MATERIALS AND METHODS
Study Design and Participants
This study utilized a cross sectional study design to validate a visual assessment tool for a cutting maneuver. Institutional review board approval was obtained prior to commencement of the study. Specifically, the study was conducted in accordance with the Declaration of Helsinki, and approved by the Institutional Review Board of the University of Texas Southwestern (Protocol Number: 082010-134, Approval Date: 2 February 1993). All participants provided written informed assent, and a parent or legal guardian provided signed consent prior to initiating testing procedures. A convenience sample of female athletes were recruited from local middle school, high school, and club sport teams, and were seen for a single visit in a motion analysis laboratory at a local sports medicine treatment center. Inclusion criteria included 1) age between 12 and 17 years of age, 2) active participation in sports involving cutting and pivoting movements in the prior 12 months, and 3) a level of physical activity between 7 and 10 on the Tegner Activity Scale.21 The inclusion criteria were developed to provide a sample of female pre-teen and teenage athletes who were actively playing sports that involved cutting and pivoting movements. This population was chosen due to their exposure to cutting movements and their high risk of ACL injury. The following exclusion criteria were used: 1) lower extremity injury within the prior six months, 2) history of lower extremity surgery, 3) a positive response on the Physical Activity Readiness Questionnaire (PAR-Q+), or 4) history of scoliosis. Those with lower extremity injury within the prior six month and a history of lower extremity surgery were excluded to reduce compensatory movement patters that may result from pain, range motion deficits, or strength deficits that are associated with injury recovery. The PAR-Q+ was used to determine the participant’s readiness and safety for physical activity. A positive response on the PAR-Q+ indicates the need to seek further advice from a physician prior to engaging in physical activity.22 Participants with a history of scoliosis were excluded to reduce asymmetries in trunk deviations that may result from structural spinal deformity. For testing, participants were asked to wear comfortable attire and their personal athletic footwear.

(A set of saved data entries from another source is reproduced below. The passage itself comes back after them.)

(* Let $\{x_k\}$, $\{d_k\}$ be generated by Algorithm 1 or Algorithm 2 (described in the context) under the Standing Assumption and Matrix Assumption of the context, and suppose the algorithm does not terminate finitely. Write $d_k=u_k+v_k$ with $u_k\in\mathrm{Null}(J_k)$, $v_k\in\mathrm{Range}(J_k^T)$. Then the sequence $\{u_k\}$ is bounded.
   Context: Notation: $g_k=\nabla f(x_k)$, $c_k=c(x_k)$, $J_k=\nabla c(x_k)^T$; $\phi(x,\tau)=\tau f(x)+\|c(x)\|_1$; $\Delta q(x,\tau,g,H,d)=-\tau(g^Td+\frac12\max\{d^THd,0\})+\|c(x)\|_1$. Matrix Assumption: symmetric $H_k$ with $\|H_k\|_2\le\kappa_H$ and $u^TH_ku\ge\zeta\|u\|_2^2$ whenever $J_ku=0$. Common iteration: $(d_k,y_k)$ solves $H_kd_k+J_k^Ty_k=-g_k$, $J_kd_k=-c_k$; stop if $g_k+J_k^Ty_k=0$ and $c_k=0$. $\tau_k^{trial}=\infty$ if $g_k^Td_k+\max\{d_k^TH_kd_k,0\}\le0$, else $\frac{(1-\sigma)\|c_k\|_1}{g_k^Td_k+\max\{d_k^TH_kd_k,0\}}$; $\tau_k=\tau_{k-1}$ if $\tau_{k-1}\le\tau_k^{trial}$, else $(1-\epsilon)\tau_k^{trial}$; $x_{k+1}=x_k+\alpha_kd_k$. (SD) for trial $\alpha$: $\phi(x_k+\alpha d_k,\tau_k)\le\phi(x_k,\tau_k)-\eta\alpha\Delta q(x_k,\tau_k,g_k,H_k,d_k)$. Algorithm 1 (inputs $\tau_{-1}>0$, $\epsilon,\sigma,\eta\in(0,1)$, $\rho>1$, $L_{-1}>0$, $\gamma_{-1,i}>0$): choose $L_{k,0}\in(0,L_{k-1}]$, $\gamma_{k,i,0}\in(0,\gamma_{k-1,i}]$; for $j=0,1,\dots$ with $\Lambda_{k,j}=\tau_kL_{k,j}+\sum_i\gamma_{k,i,j}$: $\widehat\alpha_{k,j}=\frac{2(1-\eta)\Delta q(x_k,\tau_k,g_k,H_k,d_k)}{\Lambda_{k,j}\|d_k\|_2^2}$, $\widetilde\alpha_{k,j}=\widehat\alpha_{k,j}-\frac{4\|c_k\|_1}{\Lambda_{k,j}\|d_k\|_2^2}$; $\alpha_{k,j}=\widehat\alpha_{k,j}$ if $\widehat\alpha_{k,j}<1$, $1$ if $\widetilde\alpha_{k,j}\le1\le\widehat\alpha_{k,j}$, $\widetilde\alpha_{k,j}$ if $\widetilde\alpha_{k,j}>1$; accept ($\alpha_k=\alpha_{k,j}$, $L_k=L_{k,j}$, $\gamma_{k,i}=\gamma_{k,i,j}$) if (SD) holds or if both $f(x_k+\alpha_{k,j}d_k)\le f(x_k)+\alpha_{k,j}g_k^Td_k+\frac12L_{k,j}\alpha_{k,j}^2\|d_k\|_2^2$ (LF) and $|c_i(x_k+\alpha_{k,j}d_k)|\le|c_i(x_k)+\alpha_{k,j}\nabla c_i(x_k)^Td_k|+\frac12\gamma_{k,i,j}\alpha_{k,j}^2\|d_k\|_2^2$ (LC$_i$) for all $i$; otherwise multiply $L_{k,j}$ by $\rho$ if (LF) fails and $\gamma_{k,i,j}$ by $\rho$ if (LC$_i$) fails. Algorithm 2 (inputs $\tau_{-1}>0$, $\epsilon,\sigma,\eta,\nu\in(0,1)$, $\alpha>0$): $\alpha_k=\nu^j\alpha$ for the smallest $j\ge0$ such that (SD) holds. Standing Assumption: an open convex set $\mathcal X$ contains all iterates and trial points $x_k+\alpha_{k,j}d_k$; $f$ is $C^1$, bounded below on $\mathcal X$, $\nabla f$ bounded and $L$-Lipschitz on $\mathcal X$; $c$, $\nabla c^T$ bounded on $\mathcal X$; $\nabla c_i$ is $\gamma_i$-Lipschitz on $\mathcal X$; singular values of $\nabla c(x)^T$ bounded away from zero uniformly over $\mathcal X$. *)

theory Defs
  imports "HOL-Analysis.Analysis"
begin
lemma odometer_act_free:
  assumes "y \<in> odometer \<Gamma>" "odometer_act g y = y"
  shows "g = 0"
proof -
  have "g \<in> \<Gamma> n" for n
  proof -
    obtain a where a: "y n = lcoset a (\<Gamma> n)"
      using odometer_lcoset[OF assms(1)] by blast
    then have "lcoset (g + a) (\<Gamma> n) = lcoset a (\<Gamma> n)"
      using odometer_act_lcoset[of y n a g] a assms(2) by simp
    then have "- a + - g + a \<in> \<Gamma> n"
      using lcoset_eq_iff[OF subgrp_Gamma] by (simp add: minus_add)
    then have "- (- a) + (- a + - g + a) + - a \<in> \<Gamma> n"
      using normal_subgrp_conj[OF normal_Gamma] by blast
    then have "- g \<in> \<Gamma> n"
      by (simp only: minus_minus add.assoc add_minus_cancel right_minus add_0_right)
    then show ?thesis
      using subgrp_uminus_iff[OF subgrp_Gamma] by blast
  qed
  then show ?thesis
    using Inter_Gamma by blast
qed

lemma lcoset_seq_in_odometer: "(\<lambda>n. lcoset a (\<Gamma> n)) \<in> odometer \<Gamma>"
  by (rule odometerI[where a = "\<lambda>_. a"]) simp_all

lemma odometer_level_avoiding:
  assumes "y \<in> odometer \<Gamma>" "(\<Inter>n. y n) = {}" "finite F"
  obtains m where "\<forall>h\<in>F. h \<notin> y m"
proof -
  have "\<forall>h\<in>F. \<exists>k. h \<notin> y k"
    using assms(2) by (simp add: set_eq_iff)
  then obtain k where k: "\<And>h. h \<in> F \<Longrightarrow> h \<notin> y (k h)"
    by metis
  define m where "m = Max (insert 0 (k ` F))"
  have "h \<notin> y m" if "h \<in> F" for h
    using odometer_antimono[OF assms(1), of "k h" m] k[OF that] assms(3) that
    unfolding m_def by auto
  then show thesis
    using that by blast
qed

lemma toeplitz_arrayI_Gamma:
  assumes "\<And>h. \<exists>k. \<forall>\<gamma>\<in>\<Gamma> k. x (\<gamma> + h) = x h"
  shows "toeplitz_array x"
  unfolding toeplitz_array_def
proof
  fix h
  obtain k where "\<forall>\<gamma>\<in>\<Gamma> k. x (\<gamma> + h) = x h"
    using assms by blast
  then have "h \<in> Per x (\<Gamma> k)"
    unfolding Per_def Per_val_def by blast
  then show "\<exists>\<Gamma>'. finite_index \<Gamma>' \<and> h \<in> Per x \<Gamma>'"
    using finite_index_Gamma by blast
qed

end

section \<open>Parity colourings of the odometer\<close>

lemma Least_eq_if_agree_upto:
  fixes P Q :: "nat \<Rightarrow> bool"
  assumes agree: "\<And>k. k \<le> m \<Longrightarrow> P k \<longleftrightarrow> Q k" and "P m"
  shows "(LEAST k. P k) = (LEAST k. Q k)"
proof -
  have "Q m"
    using assms by simp
  have P_le: "(LEAST k. P k) \<le> m" and Q_le: "(LEAST k. Q k) \<le> m"
    using \<open>P m\<close> \<open>Q m\<close> by (auto intro: Least_le)
  have "Q (LEAST k. P k)"
    using agree[OF P_le] LeastI[of P, OF \<open>P m\<close>] by simp
  moreover have "P (LEAST k. Q k)"
    using agree[OF Q_le] LeastI[of Q, OF \<open>Q m\<close>] by simp
  ultimately show ?thesis
    by (simp add: Least_le antisym)
qed

locale infinite_normal_chain = normal_chain \<Gamma> for \<Gamma> :: "nat \<Rightarrow> 'g::{group_add,countable} set" +
  assumes infinite_UNIV: "infinite (UNIV :: 'g set)"
begin

definition strict_level :: "nat \<Rightarrow> bool" where
  "strict_level k \<longleftrightarrow> 0 < k \<and> \<Gamma> k \<noteq> \<Gamma> (k - 1)"

lemma strict_level_unbounded: "\<exists>k>n. strict_level k"
proof (rule ccontr)
  assume none: "\<not> (\<exists>k>n. strict_level k)"
  have step: "\<Gamma> (Suc k) = \<Gamma> k" if "n \<le> k" for k
  proof -
    have "\<not> strict_level (Suc k)"
      using none that by simp
    then show ?thesis
      unfolding strict_level_def by simp
  qed
  have stable: "\<Gamma> k = \<Gamma> n" if "n \<le> k" for k
    using that by (induction rule: dec_induct) (simp_all add: step)
  have "\<Gamma> n \<subseteq> \<Gamma> k" for k
  proof (cases "k \<le> n")
    case True
    then show ?thesis
      by (rule Gamma_antimono)
  next
    case False
    then show ?thesis
      using stable[of k] by simp
  qed
  then have "\<Gamma> n \<subseteq> {0}"
    unfolding Inter_Gamma[symmetric] by (rule INF_greatest)
  then have "\<Gamma> n = {0}"
    using subgrp_zero[OF subgrp_Gamma, of n] by auto
  moreover have "cosets {0::'g} = (\<lambda>g. {g}) ` UNIV"
    unfolding cosets_def lcoset_def by auto
  ultimately have "finite ((\<lambda>g::'g. {g}) ` UNIV)"
    using finite_cosets_Gamma[of n] by simp
  then have "finite (UNIV :: 'g set)"
    by (rule finite_imageD) (simp add: inj_on_def)
  then show False
    using infinite_UNIV by simp
qed

definition next_strict :: "nat \<Rightarrow> nat" where
  "next_strict n = (LEAST k. n < k \<and> strict_level k)"
definition H_sqc :: "real \<Rightarrow> real \<Rightarrow> real \<Rightarrow> real \<Rightarrow> (real \<Rightarrow> real \<Rightarrow> real) \<Rightarrow> bool" where
  "H_sqc \<alpha>0 \<alpha>1 \<gamma> \<eta> H \<longleftrightarrow>
     (\<forall>x p. \<alpha>0 * \<bar>p\<bar> powr \<gamma> - 1 / \<alpha>0 \<le> H x p \<and> H x p \<le> \<alpha>1 * (\<bar>p\<bar> powr \<gamma> + 1)) \<and>
     (\<forall>x p q. \<bar>H x p - H x q\<bar> \<le> \<alpha>1 * (\<bar>p\<bar> + \<bar>q\<bar> + 1) powr (\<gamma> - 1) * \<bar>p - q\<bar>) \<and>
     (\<forall>x y p. \<bar>H x p - H y p\<bar> \<le> \<alpha>1 * (\<bar>p\<bar> powr \<gamma> + 1) * \<bar>x - y\<bar>) \<and>
     (\<forall>x. strictly_quasiconvex (H x) \<and> (\<exists>!p. \<forall>q. H x p \<le> H x q)) \<and>
     (\<forall>x p1 p2. p1 < p2 \<and> p2 \<le> hat_p H x \<longrightarrow> H x p1 - H x p2 \<ge> \<eta> * \<bar>p1 - p2\<bar>) \<and>
     (\<forall>x p1 p2. p2 > p1 \<and> p1 \<ge> hat_p H x \<longrightarrow> H x p2 - H x p1 \<ge> \<eta> * \<bar>p1 - p2\<bar>)"

end

theory Submission
  imports Defs
begin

Participants were instrumented with retroreflective markers placed on specific bony landmarks according to a modified Plug-in Gait marker set (OMG Plc, Oxford, UK).23 A 14-camera motion capture system (Vicon Motion Systems Ltd, Denver, CO, USA) was used to collect 3D kinematic data sampling at 240 Hz while participants performed the sidestep cut task. Kinetic data were collected using AMTI force plates (Advanced Medical Technology Inc., Watertown, MA) that were time-synchronized to the motion capture system and sampled at 2880 Hz. Simultaneously, 2D video data were captured at 60 frames per second with 1080p quality using three cameras (Sony Cyber-shot DSC-Rx10, Tokyo, Japan) adjusted to 36 inches tall. Two cameras were positioned 136 inches from either side of the stance/pivot area (sagittal view), and one camera was positioned 146 inches in front of the stance/pivot area (frontal view).20
Following the procedures outlines by Butler et al., all athletes completed a 5-minute warm up on an exercise bike (Matrix Fitness, Cottage Grove, WI) prior to performing the 45-degree sidestep cut task.20 Participants then practiced the sidestep cut up to three times in each direction or until they felt comfortable with the maneuver.20 They were instructed to sprint at 80% of their maximum speed in a forward direction toward the “opponent cone” and to pivot, attempting to fake out the “opponent cone” (Figure 1).20
Specifically, participants decelerated, planted on their right foot, and performed a sidestep cut, running in the left direction between cones placed along a 45-degree line of progression.12 Participants completed the procedure in each direction, with three “good” trials per plant leg. A trial was considered “good” if the subject’s foot landed within the stance/pivot area necessary for successful completion of the task. Videos in the frontal and sagittal plane were recorded as each participant performed a total of six cutting maneuvers, with one trial per side randomly selected for analysis.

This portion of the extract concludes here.